Task objective →
Using the records underneath, tally the lines where the word "strong" appears and please give only the count.

Provided records →
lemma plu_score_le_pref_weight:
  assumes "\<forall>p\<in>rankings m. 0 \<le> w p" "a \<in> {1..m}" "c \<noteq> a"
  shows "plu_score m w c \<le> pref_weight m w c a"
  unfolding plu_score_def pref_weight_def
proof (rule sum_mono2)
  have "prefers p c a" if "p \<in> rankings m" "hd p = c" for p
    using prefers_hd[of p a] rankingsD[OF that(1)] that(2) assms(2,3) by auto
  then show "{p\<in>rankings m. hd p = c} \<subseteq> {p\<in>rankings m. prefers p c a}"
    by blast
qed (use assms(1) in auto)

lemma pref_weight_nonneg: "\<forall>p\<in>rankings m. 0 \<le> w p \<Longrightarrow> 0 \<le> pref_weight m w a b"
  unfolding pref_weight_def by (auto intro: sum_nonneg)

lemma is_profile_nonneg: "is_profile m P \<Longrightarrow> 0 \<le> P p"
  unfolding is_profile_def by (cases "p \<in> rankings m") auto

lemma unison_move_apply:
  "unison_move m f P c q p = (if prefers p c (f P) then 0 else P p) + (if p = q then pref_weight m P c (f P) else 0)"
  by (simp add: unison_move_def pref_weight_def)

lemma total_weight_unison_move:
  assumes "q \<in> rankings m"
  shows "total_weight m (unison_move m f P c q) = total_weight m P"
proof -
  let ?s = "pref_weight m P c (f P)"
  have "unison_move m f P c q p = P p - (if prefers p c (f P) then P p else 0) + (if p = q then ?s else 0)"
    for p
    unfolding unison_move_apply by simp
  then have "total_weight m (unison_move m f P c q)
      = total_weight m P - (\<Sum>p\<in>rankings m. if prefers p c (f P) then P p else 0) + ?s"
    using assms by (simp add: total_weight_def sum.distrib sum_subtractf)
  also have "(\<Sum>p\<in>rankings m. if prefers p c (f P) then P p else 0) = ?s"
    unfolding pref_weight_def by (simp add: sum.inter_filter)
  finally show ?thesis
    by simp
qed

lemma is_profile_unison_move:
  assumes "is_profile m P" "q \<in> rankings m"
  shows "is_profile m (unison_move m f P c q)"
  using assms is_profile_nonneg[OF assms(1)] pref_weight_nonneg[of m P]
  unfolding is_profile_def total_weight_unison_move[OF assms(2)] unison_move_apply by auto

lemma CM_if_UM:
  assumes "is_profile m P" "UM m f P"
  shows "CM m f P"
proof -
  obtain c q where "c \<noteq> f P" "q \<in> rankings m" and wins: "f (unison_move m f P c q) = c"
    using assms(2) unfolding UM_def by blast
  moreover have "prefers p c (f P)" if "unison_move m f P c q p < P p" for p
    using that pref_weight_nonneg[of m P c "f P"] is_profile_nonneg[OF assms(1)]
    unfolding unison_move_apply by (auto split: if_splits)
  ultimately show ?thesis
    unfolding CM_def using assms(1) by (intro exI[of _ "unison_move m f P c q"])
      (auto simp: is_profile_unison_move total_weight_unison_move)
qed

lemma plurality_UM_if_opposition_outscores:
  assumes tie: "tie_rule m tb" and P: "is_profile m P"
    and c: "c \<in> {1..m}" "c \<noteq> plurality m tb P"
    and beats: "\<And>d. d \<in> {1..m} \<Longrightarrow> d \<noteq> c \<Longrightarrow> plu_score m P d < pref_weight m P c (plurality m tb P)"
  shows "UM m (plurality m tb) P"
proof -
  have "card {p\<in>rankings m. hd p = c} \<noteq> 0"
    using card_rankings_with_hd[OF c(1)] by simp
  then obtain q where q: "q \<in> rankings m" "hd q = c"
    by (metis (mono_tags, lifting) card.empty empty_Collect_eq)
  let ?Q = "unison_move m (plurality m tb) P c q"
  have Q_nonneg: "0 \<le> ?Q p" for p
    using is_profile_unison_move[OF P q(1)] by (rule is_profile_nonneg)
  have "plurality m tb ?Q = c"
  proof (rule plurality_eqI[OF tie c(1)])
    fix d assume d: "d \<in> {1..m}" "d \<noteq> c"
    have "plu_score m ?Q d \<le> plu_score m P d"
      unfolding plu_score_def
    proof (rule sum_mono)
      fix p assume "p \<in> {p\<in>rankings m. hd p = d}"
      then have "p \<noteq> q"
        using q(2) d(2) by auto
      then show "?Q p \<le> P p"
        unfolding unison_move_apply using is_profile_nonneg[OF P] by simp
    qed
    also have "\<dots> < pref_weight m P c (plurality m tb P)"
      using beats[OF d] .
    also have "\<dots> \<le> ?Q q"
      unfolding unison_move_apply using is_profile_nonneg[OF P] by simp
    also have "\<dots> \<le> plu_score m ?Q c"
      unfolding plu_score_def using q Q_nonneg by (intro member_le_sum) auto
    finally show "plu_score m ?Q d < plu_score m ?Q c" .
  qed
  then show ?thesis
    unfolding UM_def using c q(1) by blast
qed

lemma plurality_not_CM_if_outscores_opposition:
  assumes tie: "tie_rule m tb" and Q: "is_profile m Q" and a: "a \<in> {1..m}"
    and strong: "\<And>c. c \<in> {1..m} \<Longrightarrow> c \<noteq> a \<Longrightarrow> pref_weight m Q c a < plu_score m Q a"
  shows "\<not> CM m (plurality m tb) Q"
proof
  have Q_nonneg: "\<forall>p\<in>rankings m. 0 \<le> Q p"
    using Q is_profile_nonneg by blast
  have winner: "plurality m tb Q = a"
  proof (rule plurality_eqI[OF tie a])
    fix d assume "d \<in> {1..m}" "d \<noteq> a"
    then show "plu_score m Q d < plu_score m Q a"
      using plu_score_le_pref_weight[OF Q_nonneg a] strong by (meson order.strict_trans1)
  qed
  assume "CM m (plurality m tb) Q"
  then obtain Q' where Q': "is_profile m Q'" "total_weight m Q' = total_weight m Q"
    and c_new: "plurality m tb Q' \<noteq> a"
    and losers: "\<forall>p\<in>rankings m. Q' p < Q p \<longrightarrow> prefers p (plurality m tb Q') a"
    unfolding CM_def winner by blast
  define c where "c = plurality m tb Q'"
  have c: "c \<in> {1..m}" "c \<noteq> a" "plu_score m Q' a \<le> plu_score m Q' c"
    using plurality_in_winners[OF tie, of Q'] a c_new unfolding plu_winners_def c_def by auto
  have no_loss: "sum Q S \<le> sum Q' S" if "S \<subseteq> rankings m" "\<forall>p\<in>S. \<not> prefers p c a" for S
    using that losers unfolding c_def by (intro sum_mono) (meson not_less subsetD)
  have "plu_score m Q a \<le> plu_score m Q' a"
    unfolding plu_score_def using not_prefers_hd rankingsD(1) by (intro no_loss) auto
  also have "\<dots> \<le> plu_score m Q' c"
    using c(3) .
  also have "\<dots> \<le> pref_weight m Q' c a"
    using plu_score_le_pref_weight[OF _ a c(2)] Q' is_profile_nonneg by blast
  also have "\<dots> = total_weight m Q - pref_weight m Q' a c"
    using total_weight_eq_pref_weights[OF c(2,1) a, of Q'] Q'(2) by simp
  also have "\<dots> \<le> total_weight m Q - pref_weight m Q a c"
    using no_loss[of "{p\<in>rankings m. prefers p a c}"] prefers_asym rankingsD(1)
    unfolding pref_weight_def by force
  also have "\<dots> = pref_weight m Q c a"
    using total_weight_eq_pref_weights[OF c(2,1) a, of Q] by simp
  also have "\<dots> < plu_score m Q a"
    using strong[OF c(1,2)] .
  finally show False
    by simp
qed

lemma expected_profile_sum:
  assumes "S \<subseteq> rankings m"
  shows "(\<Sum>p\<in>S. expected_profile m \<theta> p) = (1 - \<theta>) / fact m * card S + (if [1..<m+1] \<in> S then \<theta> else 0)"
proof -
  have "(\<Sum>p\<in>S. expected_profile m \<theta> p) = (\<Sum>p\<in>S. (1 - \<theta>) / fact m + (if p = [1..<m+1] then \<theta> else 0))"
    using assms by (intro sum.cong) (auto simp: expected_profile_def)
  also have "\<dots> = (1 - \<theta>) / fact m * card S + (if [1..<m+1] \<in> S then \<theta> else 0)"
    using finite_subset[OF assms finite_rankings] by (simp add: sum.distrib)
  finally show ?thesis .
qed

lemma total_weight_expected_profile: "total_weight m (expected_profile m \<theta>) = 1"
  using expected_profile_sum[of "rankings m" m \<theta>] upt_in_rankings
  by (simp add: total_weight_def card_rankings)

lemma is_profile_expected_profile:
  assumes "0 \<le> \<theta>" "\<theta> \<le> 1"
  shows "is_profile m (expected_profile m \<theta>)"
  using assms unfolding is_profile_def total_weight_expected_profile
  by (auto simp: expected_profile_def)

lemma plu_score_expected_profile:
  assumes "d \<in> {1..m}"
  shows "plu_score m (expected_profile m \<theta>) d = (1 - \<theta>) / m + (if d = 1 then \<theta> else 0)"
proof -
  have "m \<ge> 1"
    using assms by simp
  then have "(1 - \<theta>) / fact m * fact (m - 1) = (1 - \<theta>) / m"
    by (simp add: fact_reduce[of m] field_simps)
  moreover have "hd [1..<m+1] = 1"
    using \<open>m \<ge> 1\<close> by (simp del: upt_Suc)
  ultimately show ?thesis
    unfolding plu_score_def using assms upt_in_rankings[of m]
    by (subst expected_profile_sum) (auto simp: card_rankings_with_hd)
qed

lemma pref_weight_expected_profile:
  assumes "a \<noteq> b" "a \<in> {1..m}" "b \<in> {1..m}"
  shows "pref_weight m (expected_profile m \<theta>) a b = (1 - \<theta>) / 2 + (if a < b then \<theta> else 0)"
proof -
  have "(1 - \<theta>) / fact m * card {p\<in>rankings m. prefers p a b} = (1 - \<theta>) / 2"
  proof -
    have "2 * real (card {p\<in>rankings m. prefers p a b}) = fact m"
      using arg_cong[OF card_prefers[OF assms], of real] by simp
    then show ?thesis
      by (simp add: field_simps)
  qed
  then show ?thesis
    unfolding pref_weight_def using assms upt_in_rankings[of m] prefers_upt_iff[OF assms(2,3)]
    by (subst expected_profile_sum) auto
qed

Result of the exercise →
3